■ What you need to do ■
In the listing beneath this line, copy exactly the lines starting with the one containing "(\<exists>K. \<forall>\<phi>. continuous_on" and going on through the one containing "plus the numbers".

■ Records to use ■
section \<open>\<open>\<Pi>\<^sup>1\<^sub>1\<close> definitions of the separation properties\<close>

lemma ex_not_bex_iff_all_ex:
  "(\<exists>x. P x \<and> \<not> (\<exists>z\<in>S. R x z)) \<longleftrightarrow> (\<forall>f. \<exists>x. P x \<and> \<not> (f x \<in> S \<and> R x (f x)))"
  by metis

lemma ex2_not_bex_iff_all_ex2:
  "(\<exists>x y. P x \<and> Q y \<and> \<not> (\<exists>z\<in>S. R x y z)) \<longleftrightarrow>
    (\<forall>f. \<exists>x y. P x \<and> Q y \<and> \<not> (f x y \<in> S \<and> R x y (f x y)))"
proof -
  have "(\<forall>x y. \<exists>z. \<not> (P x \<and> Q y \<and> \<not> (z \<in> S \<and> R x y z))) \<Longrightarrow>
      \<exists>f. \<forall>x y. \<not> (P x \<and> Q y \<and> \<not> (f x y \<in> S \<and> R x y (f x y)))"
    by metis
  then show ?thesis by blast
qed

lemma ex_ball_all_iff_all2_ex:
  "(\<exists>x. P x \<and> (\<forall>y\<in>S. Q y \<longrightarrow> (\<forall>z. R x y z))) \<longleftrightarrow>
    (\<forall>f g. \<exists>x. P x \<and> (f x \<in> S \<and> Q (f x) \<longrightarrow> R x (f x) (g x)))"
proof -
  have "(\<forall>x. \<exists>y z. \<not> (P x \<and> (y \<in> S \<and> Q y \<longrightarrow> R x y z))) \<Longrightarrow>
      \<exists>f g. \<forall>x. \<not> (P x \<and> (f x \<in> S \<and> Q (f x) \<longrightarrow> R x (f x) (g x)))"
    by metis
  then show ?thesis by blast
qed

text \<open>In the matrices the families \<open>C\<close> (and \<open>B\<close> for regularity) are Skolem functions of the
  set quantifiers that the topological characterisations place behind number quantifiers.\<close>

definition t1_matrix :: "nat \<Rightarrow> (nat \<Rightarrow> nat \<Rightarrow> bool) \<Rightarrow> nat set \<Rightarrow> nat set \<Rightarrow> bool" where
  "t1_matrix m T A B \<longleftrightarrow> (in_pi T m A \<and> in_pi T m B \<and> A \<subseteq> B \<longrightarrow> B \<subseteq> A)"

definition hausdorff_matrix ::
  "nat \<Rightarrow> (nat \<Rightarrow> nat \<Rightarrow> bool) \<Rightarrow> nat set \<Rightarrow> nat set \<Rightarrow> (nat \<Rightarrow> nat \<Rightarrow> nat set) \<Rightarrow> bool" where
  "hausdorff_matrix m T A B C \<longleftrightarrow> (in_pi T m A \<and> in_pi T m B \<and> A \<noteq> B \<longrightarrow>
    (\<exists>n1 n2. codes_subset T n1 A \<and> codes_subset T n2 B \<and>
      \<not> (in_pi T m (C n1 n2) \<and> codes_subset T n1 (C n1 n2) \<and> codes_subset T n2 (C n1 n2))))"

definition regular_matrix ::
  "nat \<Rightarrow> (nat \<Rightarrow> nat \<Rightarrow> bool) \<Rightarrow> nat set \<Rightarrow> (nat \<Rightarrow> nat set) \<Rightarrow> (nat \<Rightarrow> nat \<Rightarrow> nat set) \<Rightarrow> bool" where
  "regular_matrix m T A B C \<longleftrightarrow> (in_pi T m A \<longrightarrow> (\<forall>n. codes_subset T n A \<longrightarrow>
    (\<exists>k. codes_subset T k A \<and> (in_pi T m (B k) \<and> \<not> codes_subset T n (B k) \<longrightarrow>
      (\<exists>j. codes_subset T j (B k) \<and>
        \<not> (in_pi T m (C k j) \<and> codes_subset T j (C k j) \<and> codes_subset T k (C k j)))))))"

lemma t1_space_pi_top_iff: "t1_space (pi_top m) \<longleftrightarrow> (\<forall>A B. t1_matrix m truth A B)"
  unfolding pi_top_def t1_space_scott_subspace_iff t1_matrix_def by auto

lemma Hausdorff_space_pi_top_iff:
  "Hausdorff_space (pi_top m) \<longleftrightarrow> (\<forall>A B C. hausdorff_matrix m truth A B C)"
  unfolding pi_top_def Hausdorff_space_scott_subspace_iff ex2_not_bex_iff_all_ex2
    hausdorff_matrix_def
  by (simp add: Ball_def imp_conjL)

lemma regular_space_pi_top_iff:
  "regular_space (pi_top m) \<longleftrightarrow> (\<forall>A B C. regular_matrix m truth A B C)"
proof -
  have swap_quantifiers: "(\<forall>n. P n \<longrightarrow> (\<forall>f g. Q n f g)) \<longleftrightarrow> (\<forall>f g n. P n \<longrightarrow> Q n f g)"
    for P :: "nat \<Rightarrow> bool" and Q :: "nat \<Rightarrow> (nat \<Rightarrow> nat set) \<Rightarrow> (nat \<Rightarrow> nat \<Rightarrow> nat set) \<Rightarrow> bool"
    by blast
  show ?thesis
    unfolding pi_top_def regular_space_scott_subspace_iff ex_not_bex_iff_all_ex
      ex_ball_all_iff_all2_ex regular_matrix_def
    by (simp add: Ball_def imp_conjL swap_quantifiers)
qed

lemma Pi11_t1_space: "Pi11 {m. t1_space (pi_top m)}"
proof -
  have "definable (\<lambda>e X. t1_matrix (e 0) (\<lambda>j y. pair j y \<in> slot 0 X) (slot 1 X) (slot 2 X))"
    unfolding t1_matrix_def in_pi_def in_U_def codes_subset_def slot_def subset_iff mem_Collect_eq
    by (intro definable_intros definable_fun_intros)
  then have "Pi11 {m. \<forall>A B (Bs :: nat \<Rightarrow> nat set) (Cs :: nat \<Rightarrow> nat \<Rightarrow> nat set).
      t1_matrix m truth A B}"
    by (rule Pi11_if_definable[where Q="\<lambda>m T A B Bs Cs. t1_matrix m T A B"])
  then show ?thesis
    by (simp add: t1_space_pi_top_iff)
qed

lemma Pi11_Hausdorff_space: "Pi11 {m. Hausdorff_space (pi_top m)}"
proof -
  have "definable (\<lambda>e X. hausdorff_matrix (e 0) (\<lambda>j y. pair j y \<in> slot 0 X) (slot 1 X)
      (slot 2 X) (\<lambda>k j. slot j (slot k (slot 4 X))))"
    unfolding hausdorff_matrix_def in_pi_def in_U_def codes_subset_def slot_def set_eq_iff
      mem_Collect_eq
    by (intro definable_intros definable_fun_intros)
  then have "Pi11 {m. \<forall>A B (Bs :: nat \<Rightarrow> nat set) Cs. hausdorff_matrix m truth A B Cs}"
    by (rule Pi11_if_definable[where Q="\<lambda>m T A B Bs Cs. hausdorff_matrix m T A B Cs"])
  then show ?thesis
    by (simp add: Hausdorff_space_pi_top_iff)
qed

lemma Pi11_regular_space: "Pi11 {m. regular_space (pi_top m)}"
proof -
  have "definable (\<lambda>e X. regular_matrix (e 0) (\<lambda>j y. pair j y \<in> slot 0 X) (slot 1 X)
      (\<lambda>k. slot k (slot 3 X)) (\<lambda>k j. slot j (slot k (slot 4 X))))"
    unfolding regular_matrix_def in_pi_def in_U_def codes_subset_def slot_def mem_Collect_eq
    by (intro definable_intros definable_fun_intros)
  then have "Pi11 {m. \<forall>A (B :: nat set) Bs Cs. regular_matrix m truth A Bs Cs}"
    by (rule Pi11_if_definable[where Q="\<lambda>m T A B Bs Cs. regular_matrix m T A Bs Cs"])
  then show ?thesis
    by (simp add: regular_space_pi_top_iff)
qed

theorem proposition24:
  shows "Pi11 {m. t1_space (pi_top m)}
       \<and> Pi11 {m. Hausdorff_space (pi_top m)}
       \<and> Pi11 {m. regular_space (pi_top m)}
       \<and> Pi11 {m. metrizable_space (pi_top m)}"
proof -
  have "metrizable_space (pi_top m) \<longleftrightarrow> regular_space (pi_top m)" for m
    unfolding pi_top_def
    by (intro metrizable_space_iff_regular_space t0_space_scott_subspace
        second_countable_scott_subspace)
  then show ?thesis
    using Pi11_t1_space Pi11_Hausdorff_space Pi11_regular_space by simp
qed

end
---
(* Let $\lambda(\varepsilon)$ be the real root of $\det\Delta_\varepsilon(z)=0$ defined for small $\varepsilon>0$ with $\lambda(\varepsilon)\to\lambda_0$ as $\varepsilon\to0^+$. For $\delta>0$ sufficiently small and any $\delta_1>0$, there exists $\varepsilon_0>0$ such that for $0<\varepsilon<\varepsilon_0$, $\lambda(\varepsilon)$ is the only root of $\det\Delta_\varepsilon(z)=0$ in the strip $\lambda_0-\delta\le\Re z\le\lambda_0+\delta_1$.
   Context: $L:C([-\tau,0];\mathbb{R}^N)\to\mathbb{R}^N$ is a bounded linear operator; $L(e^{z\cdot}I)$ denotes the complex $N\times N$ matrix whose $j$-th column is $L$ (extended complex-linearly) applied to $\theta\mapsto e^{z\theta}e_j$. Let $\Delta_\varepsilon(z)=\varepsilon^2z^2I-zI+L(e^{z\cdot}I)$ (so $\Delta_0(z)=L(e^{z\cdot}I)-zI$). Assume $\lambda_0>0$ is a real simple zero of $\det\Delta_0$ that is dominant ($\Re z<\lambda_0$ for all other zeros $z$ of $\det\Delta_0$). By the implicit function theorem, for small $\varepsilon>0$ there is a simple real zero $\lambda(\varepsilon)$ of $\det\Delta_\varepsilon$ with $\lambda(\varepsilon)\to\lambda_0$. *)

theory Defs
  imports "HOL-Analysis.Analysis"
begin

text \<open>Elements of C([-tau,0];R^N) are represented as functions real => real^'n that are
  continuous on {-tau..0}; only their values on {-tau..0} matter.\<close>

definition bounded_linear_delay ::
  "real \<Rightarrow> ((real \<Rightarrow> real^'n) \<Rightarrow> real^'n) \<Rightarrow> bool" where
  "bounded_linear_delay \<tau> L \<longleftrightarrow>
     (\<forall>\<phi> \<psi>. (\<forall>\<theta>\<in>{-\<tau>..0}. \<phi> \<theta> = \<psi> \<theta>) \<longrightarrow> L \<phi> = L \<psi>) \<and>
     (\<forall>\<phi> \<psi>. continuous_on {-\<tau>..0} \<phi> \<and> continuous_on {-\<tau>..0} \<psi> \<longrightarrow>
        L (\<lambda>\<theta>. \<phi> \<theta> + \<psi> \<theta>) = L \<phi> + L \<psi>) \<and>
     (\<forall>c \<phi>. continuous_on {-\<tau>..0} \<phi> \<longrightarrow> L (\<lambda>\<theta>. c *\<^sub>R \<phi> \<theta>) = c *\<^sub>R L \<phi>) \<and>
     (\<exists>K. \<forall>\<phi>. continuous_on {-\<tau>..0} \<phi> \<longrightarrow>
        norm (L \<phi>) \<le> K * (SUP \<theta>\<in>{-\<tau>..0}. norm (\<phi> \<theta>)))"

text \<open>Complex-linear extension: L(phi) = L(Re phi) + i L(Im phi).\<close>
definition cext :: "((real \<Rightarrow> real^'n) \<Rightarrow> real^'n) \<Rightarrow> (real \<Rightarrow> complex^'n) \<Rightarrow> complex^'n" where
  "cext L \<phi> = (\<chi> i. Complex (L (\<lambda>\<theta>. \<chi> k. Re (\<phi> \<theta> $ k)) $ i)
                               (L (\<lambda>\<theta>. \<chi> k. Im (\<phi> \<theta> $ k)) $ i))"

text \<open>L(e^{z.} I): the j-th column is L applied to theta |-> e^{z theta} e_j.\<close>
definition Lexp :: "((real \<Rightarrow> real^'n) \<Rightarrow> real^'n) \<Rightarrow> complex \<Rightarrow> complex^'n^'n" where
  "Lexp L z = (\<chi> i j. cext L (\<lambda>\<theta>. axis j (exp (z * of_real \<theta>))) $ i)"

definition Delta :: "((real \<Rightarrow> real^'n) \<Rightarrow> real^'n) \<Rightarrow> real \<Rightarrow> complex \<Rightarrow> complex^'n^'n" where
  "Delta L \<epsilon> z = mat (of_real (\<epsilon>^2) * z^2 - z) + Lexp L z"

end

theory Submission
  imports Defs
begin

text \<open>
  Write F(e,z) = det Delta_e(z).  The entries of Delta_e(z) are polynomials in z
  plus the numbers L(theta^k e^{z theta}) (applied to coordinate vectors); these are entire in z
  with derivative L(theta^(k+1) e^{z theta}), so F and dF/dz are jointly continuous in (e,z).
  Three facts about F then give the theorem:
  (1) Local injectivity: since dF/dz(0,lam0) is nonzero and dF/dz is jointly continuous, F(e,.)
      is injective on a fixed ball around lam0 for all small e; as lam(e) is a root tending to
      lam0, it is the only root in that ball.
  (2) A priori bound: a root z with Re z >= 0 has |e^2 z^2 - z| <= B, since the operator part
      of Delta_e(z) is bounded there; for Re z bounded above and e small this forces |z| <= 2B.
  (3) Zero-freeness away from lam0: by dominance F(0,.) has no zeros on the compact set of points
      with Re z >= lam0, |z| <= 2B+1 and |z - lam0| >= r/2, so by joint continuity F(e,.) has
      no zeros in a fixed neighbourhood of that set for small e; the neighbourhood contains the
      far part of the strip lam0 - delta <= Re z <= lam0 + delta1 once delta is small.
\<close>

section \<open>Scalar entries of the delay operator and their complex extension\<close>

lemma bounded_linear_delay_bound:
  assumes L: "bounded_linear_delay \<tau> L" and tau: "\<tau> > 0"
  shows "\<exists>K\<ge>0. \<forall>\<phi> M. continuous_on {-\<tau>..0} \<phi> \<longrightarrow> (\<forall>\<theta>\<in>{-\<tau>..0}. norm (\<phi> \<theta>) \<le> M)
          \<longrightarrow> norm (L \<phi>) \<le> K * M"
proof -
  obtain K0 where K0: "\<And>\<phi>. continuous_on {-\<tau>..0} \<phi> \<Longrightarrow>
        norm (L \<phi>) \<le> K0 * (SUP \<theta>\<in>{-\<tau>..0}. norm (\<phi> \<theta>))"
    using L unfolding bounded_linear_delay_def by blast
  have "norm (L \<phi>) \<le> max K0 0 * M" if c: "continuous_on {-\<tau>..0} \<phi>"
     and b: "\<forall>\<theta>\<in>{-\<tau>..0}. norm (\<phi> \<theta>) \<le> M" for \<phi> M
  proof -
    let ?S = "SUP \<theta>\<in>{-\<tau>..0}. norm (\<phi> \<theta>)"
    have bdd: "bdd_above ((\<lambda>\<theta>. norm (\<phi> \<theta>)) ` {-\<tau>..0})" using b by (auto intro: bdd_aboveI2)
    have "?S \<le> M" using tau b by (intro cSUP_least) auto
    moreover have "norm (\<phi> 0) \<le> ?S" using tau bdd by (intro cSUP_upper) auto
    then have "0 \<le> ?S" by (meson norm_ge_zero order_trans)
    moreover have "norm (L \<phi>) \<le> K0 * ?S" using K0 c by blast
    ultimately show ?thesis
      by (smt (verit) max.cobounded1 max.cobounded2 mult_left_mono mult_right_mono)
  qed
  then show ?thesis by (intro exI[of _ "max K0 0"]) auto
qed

■ Response to this exercise ■
     (\<exists>K. \<forall>\<phi>. continuous_on {-\<tau>..0} \<phi> \<longrightarrow>
        norm (L \<phi>) \<le> K * (SUP \<theta>\<in>{-\<tau>..0}. norm (\<phi> \<theta>)))"

text \<open>Complex-linear extension: L(phi) = L(Re phi) + i L(Im phi).\<close>
definition cext :: "((real \<Rightarrow> real^'n) \<Rightarrow> real^'n) \<Rightarrow> (real \<Rightarrow> complex^'n) \<Rightarrow> complex^'n" where
  "cext L \<phi> = (\<chi> i. Complex (L (\<lambda>\<theta>. \<chi> k. Re (\<phi> \<theta> $ k)) $ i)
                               (L (\<lambda>\<theta>. \<chi> k. Im (\<phi> \<theta> $ k)) $ i))"

text \<open>L(e^{z.} I): the j-th column is L applied to theta |-> e^{z theta} e_j.\<close>
definition Lexp :: "((real \<Rightarrow> real^'n) \<Rightarrow> real^'n) \<Rightarrow> complex \<Rightarrow> complex^'n^'n" where
  "Lexp L z = (\<chi> i j. cext L (\<lambda>\<theta>. axis j (exp (z * of_real \<theta>))) $ i)"

definition Delta :: "((real \<Rightarrow> real^'n) \<Rightarrow> real^'n) \<Rightarrow> real \<Rightarrow> complex \<Rightarrow> complex^'n^'n" where
  "Delta L \<epsilon> z = mat (of_real (\<epsilon>^2) * z^2 - z) + Lexp L z"

end

theory Submission
  imports Defs
begin

text \<open>
  Write F(e,z) = det Delta_e(z).  The entries of Delta_e(z) are polynomials in z
  plus the numbers L(theta^k e^{z theta}) (applied to coordinate vectors); these are entire in z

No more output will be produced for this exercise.